About Abaka AI
Abaka AI is built on one mission: to be the world’s most trusted data partner for AI companies. More than 1,000 industry leaders across Generative AI, Embodied AI, and Automotive AI rely on us to power their data pipelines. With our headquarters in Silicon Valley—and teams in Paris, Singapore, and Tokyo—we support global partners with fast, reliable, and scalable data solutions.
Our offerings include a diverse catalog of off-the-shelf datasets (image, video, multimodal, reasoning, 3D, and beyond) as well as comprehensive data collection and annotation services. Whether teams need raw data, curated datasets, or full-cycle data engineering, Abaka AI provides the foundation for building high-performance AI systems.
About the Role
We’re hiring our first Data Engineer in the United States, a foundational role that will shape Abaka AI’s data engineering standards, systems, and culture from day one. This is an opportunity to take full ownership of how multimodal data is sourced, processed, cleaned, annotated, and delivered to some of the world’s most advanced AI teams.
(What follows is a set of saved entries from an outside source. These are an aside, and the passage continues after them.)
(* Let $b>1$ be an integer and let $\mathcal{A}$ be a minimal complete deterministic automaton over $A_b=\{0,\ldots,b-1\}$ whose initial state bears a self-loop labelled by $0$. Let $\ell$ be the number of states of $\mathcal{A}$ that belong to $0$-circuits. Then $\mathcal{A}$ accepts by value a purely periodic set of integers if and only if the following two conditions hold: (a) there exists a pseudo-morphism $\phi:\mathcal{A}\to\mathcal{A}_{?,\ell}$; (b) for all states $s,s'$ of $\mathcal{A}$, if $\phi(s)=\phi(s')$ then $s$ and $s'$ are ultimately-equivalent.
   Context: For $u=u_\ell\cdots u_0\in A_b^*$, $\mathrm{val}(u)=\sum_i u_i b^i$. An automaton accepts by value a set $X\subseteq\mathbb{N}$ if for every word $u$, $u$ is accepted iff $\mathrm{val}(u)\in X$. A set $P\subseteq\mathbb{N}$ is purely periodic if $P=R+p\mathbb{N}$ for some $p\ge1$ and $R\subseteq\{0,\ldots,p-1\}$. For $s$ a state and $u$ a word, $s\cdot u$ denotes the state reached from $s$ by reading $u$. A $0$-circuit is a circuit of the automaton all of whose transitions are labelled by the digit $0$. For an integer $q\ge1$, $\mathcal{A}_{?,q}$ is the deterministic complete automaton over $A_b$ with state set $\mathbb{Z}/q\mathbb{Z}=\{0,\ldots,q-1\}$, initial state $0$, transitions $n\xrightarrow{a}(nb+a)\bmod q$, and no specified final states. A pseudo-morphism between complete deterministic automata $\mathcal{A}\to\mathcal{M}$ is a map $\phi$ from states of $\mathcal{A}$ to states of $\mathcal{M}$ such that $\phi$ maps the initial state to the initial state and, for every state $s$ and letter $a$, $\phi(s\cdot a)=\phi(s)\cdot a$ (final states need not be preserved). Two states $s,s'$ are ultimately-equivalent if there exists $m\ge1$ such that $s\cdot u=s'\cdot u$ for every word $u$ with $|u|\ge m$. *)

theory Defs
  imports Main
begin

text \<open>Words over A_b are lists of digits in {..<b}, written most significant digit first:
  the list [u_l, ..., u_0].\<close>

definition run :: "('s \<Rightarrow> nat \<Rightarrow> 's) \<Rightarrow> 's \<Rightarrow> nat list \<Rightarrow> 's" where
  "run \<delta> s u = foldl \<delta> s u"

definition val :: "nat \<Rightarrow> nat list \<Rightarrow> nat" where
  "val b u = foldl (\<lambda>n a. n * b + a) 0 u"

definition complete_det_aut ::
  "nat \<Rightarrow> 's set \<Rightarrow> 's \<Rightarrow> ('s \<Rightarrow> nat \<Rightarrow> 's) \<Rightarrow> 's set \<Rightarrow> bool" where
  "complete_det_aut b Q q0 \<delta> F \<longleftrightarrow>
     finite Q \<and> q0 \<in> Q \<and> F \<subseteq> Q \<and> (\<forall>s\<in>Q. \<forall>a<b. \<delta> s a \<in> Q)"

definition minimal_aut ::
  "nat \<Rightarrow> 's set \<Rightarrow> 's \<Rightarrow> ('s \<Rightarrow> nat \<Rightarrow> 's) \<Rightarrow> 's set \<Rightarrow> bool" where
  "minimal_aut b Q q0 \<delta> F \<longleftrightarrow>
     complete_det_aut b Q q0 \<delta> F \<and>
     (\<forall>s\<in>Q. \<exists>u\<in>lists {..<b}. run \<delta> q0 u = s) \<and>
     (\<forall>s\<in>Q. \<forall>s'\<in>Q. s \<noteq> s' \<longrightarrow>
        (\<exists>u\<in>lists {..<b}. (run \<delta> s u \<in> F) \<noteq> (run \<delta> s' u \<in> F)))"

definition on_zero_circuit :: "('s \<Rightarrow> nat \<Rightarrow> 's) \<Rightarrow> 's \<Rightarrow> bool" where
  "on_zero_circuit \<delta> s \<longleftrightarrow> (\<exists>k\<ge>1. ((\<lambda>t. \<delta> t 0) ^^ k) s = s)"

definition accepts_by_value ::
  "nat \<Rightarrow> 's \<Rightarrow> ('s \<Rightarrow> nat \<Rightarrow> 's) \<Rightarrow> 's set \<Rightarrow> nat set \<Rightarrow> bool" where
  "accepts_by_value b q0 \<delta> F X \<longleftrightarrow>
     (\<forall>u\<in>lists {..<b}. (run \<delta> q0 u \<in> F) \<longleftrightarrow> val b u \<in> X)"

definition purely_periodic :: "nat set \<Rightarrow> bool" where
  "purely_periodic P \<longleftrightarrow>
     (\<exists>p\<ge>1. \<exists>R \<subseteq> {..<p}. P = {r + p * k | r k. r \<in> R})"

text \<open>Pseudo-morphism into A_{?,q} (states {0..<q}, initial 0, n -a-> (n*b+a) mod q).\<close>
definition pseudo_morphism_to_mod ::
  "nat \<Rightarrow> 's set \<Rightarrow> 's \<Rightarrow> ('s \<Rightarrow> nat \<Rightarrow> 's) \<Rightarrow> nat \<Rightarrow> ('s \<Rightarrow> nat) \<Rightarrow> bool" where
  "pseudo_morphism_to_mod b Q q0 \<delta> q \<phi> \<longleftrightarrow>
     \<phi> q0 = 0 \<and> (\<forall>s\<in>Q. \<phi> s < q) \<and>
     (\<forall>s\<in>Q. \<forall>a<b. \<phi> (\<delta> s a) = (\<phi> s * b + a) mod q)"

definition ult_equiv :: "nat \<Rightarrow> ('s \<Rightarrow> nat \<Rightarrow> 's) \<Rightarrow> 's \<Rightarrow> 's \<Rightarrow> bool" where
  "ult_equiv b \<delta> s s' \<longleftrightarrow>
     (\<exists>m\<ge>1. \<forall>u\<in>lists {..<b}. length u \<ge> m \<longrightarrow> run \<delta> s u = run \<delta> s' u)"

end

theory Submission
  imports Defs
begin

text \<open>Because the initial state carries a 0-loop, the state reached on a word depends only on
  its value x; call it state_of x, so that reading a digit a from state_of x leads to
  state_of (x * b + a).

  If the accepted set is purely periodic with period p, minimality makes state_of p-periodic.
  Pick N with b^(2N) = b^N (mod p) and p < b^N. The states circuit_state x = state_of (x * b^N),
  reached after reading N zeros, are exactly the states on 0-circuits, and circuit_state (x + w)
  is reached from circuit_state x by a word depending on w only. Hence the kernel of
  circuit_state is congruence modulo some L, which is thus the number of states on 0-circuits,
  and x mod L defines the pseudo-morphism on state_of x. Words of length at least N lead from
  state_of x and circuit_state x to the same state, which gives ultimate equivalence.

  Conversely, given the pseudo-morphism, ultimate equivalence of the finitely many pairs of
  states with equal image holds beyond a common length M. Reading x as its quotient by b^M
  followed by its last M digits, the intermediate state has image (x div b^M) mod l, so
  state_of x only depends on x mod (b^M * l).\<close>

fun digits :: "nat \<Rightarrow> nat \<Rightarrow> nat \<Rightarrow> nat list" where
  "digits b 0 x = []"
| "digits b (Suc n) x = digits b n (x div b) @ [x mod b]"

lemma length_digits [simp]: "length (digits b n x) = n"
  by (induction n arbitrary: x) auto

lemma digits_in_lists: "0 < b \<Longrightarrow> digits b n x \<in> lists {..<b}"
  by (induction n arbitrary: x) auto

lemma val_Nil [simp]: "val b [] = 0"
  by (simp add: val_def)

lemma val_snoc [simp]: "val b (u @ [a]) = val b u * b + a"
  by (simp add: val_def)

lemma val_replicate_0 [simp]: "val b (replicate k 0) = 0"
  by (induction k) (auto simp: val_def)

lemma val_digits: "val b (digits b n x) = x mod b ^ n"
proof (induction n arbitrary: x)
  case (Suc n)
  then show ?case by (simp add: mod_mult2_eq mult.commute)
qed simp

lemma digits_add: "digits b (m + n) x = digits b m (x div b ^ n) @ digits b n x"
  by (induction n arbitrary: x) (simp_all add: div_mult2_eq)

lemma digits_0: "digits b m 0 = replicate m 0"
  by (induction m) (auto simp: replicate_append_same)

lemma digits_pad: "x < b ^ n \<Longrightarrow> digits b (m + n) x = replicate m 0 @ digits b n x"
  by (simp add: digits_add digits_0)

lemma digits_mod_power: "digits b n (x mod b ^ n) = digits b n x"
proof (induction n arbitrary: x)
  case (Suc n)
  then show ?case by (cases "b = 0") (simp_all add: mod_mult2_eq mult.commute)
qed simp

lemma run_Nil [simp]: "run \<delta> s [] = s"
  by (simp add: run_def)

lemma run_Cons: "run \<delta> s (a # u) = run \<delta> (\<delta> s a) u"
  by (simp add: run_def)

lemma run_append: "run \<delta> s (u @ v) = run \<delta> (run \<delta> s u) v"
  by (simp add: run_def)

lemma run_snoc [simp]: "run \<delta> s (u @ [a]) = \<delta> (run \<delta> s u) a"
  by (simp add: run_def)

lemma run_replicate_loop: "\<delta> q 0 = q \<Longrightarrow> run \<delta> q (replicate m 0) = q"
  by (induction m) (auto simp: run_Cons)

lemma funpow_eq_run_replicate: "((\<lambda>t. \<delta> t 0) ^^ k) s = run \<delta> s (replicate k 0)"
proof (induction k)
  case (Suc k)
  have "replicate (Suc k) (0::nat) = replicate k 0 @ [0]"
    by (simp add: replicate_append_same)
  with Suc show ?case by simp
qed simp

lemma run_in_closed:
  "(\<forall>s\<in>Q. \<forall>a<b. \<delta> s a \<in> Q) \<Longrightarrow> s \<in> Q \<Longrightarrow> u \<in> lists {..<b} \<Longrightarrow> run \<delta> s u \<in> Q"
  by (induction u arbitrary: s) (auto simp: run_Cons)

lemma purely_periodic_iff_mod: "purely_periodic X \<longleftrightarrow> (\<exists>p\<ge>1. \<forall>x. x \<in> X \<longleftrightarrow> x mod p \<in> X)"
proof
  assume "purely_periodic X"
  then obtain p R where p: "p \<ge> 1" "R \<subseteq> {..<p}" and X: "X = {r + p * k | r k. r \<in> R}"
    unfolding purely_periodic_def by blast
  have "x \<in> X \<longleftrightarrow> x mod p \<in> R" for x
  proof
    assume "x \<in> X"
    then obtain r k where "x = r + p * k" "r \<in> R" using X by blast
    with p(2) show "x mod p \<in> R" by auto
  next
    assume "x mod p \<in> R"
    then show "x \<in> X" unfolding X by (metis (mono_tags) mod_mult_div_eq mem_Collect_eq)
  qed
  with p(1) show "\<exists>p\<ge>1. \<forall>x. x \<in> X \<longleftrightarrow> x mod p \<in> X" by auto
next
  assume "\<exists>p\<ge>1. \<forall>x. x \<in> X \<longleftrightarrow> x mod p \<in> X"
  then obtain p where p: "p \<ge> 1" and X: "\<And>x. x \<in> X \<longleftrightarrow> x mod p \<in> X" by blast
  define R where "R = {r. r < p \<and> r \<in> X}"
  have "X = {r + p * k | r k. r \<in> R}"
  proof (intro set_eqI iffI)
    fix x assume "x \<in> X"
    with p X have "x mod p \<in> R" by (simp add: R_def)
    then show "x \<in> {r + p * k | r k. r \<in> R}" by (metis (mono_tags) mod_mult_div_eq mem_Collect_eq)
  next
    fix x assume "x \<in> {r + p * k | r k. r \<in> R}"
    then obtain r k where "x = r + p * k" "r < p" "r \<in> X" by (auto simp: R_def)
    with X show "x \<in> X" by (metis mod_less mod_mult_self2)
  qed
  moreover have "R \<subseteq> {..<p}" by (auto simp: R_def)
  ultimately show "purely_periodic X" using p unfolding purely_periodic_def by blast
qed

lemma eventually_periodic_power_mod:
  assumes "0 < (p::nat)"
  shows "\<exists>e>0. \<exists>i. \<forall>n\<ge>i. \<forall>c. b ^ (n + c * e) mod p = b ^ n mod p"
proof -
  have "card ((\<lambda>n. b ^ n mod p) ` {..p}) \<le> card {..<p}"
    using assms by (intro card_mono) auto
  then have "\<not> inj_on (\<lambda>n. b ^ n mod p) {..p}"
    using card_image by fastforce
  then obtain m n where mn: "m \<noteq> n" "b ^ m mod p = b ^ n mod p"
    unfolding inj_on_def by blast
  obtain d i where ij: "0 < d" "b ^ i mod p = b ^ (i + d) mod p"
  proof (cases "m < n")
    case True
    with mn show thesis by (intro that[of "n - m" m]) simp_all
  next
    case False
    with mn show thesis by (intro that[of "m - n" n]) simp_all
  qed
  have per: "b ^ (n + c * d) mod p = b ^ n mod p" if "i \<le> n" for n c
  proof (induction c)
    case (Suc c)
    have "n + Suc c * d = (i + d) + (n + c * d - i)" and "n + c * d = i + (n + c * d - i)"
      using that by simp_all
    then show ?case using Suc ij(2) by (metis power_add mod_mult_left_eq)
  qed simp
  with ij(1) show ?thesis by blast
qed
You won’t just be building pipelines—you’ll be developing the infrastructure that powers frontier AI models. You’ll partner directly with foundation model teams to understand their data needs, translate them into scalable workflows, and deliver high-quality multimodal datasets that meaningfully impact model performance.
As an early member of our engineering team, you’ll influence everything from our long-term roadmap to our internal tooling ecosystem. If you thrive in high-ownership environments and want to shape the machine learning foundation of a fast-moving AI company, this role offers an opportunity to make an immediate and lasting impact.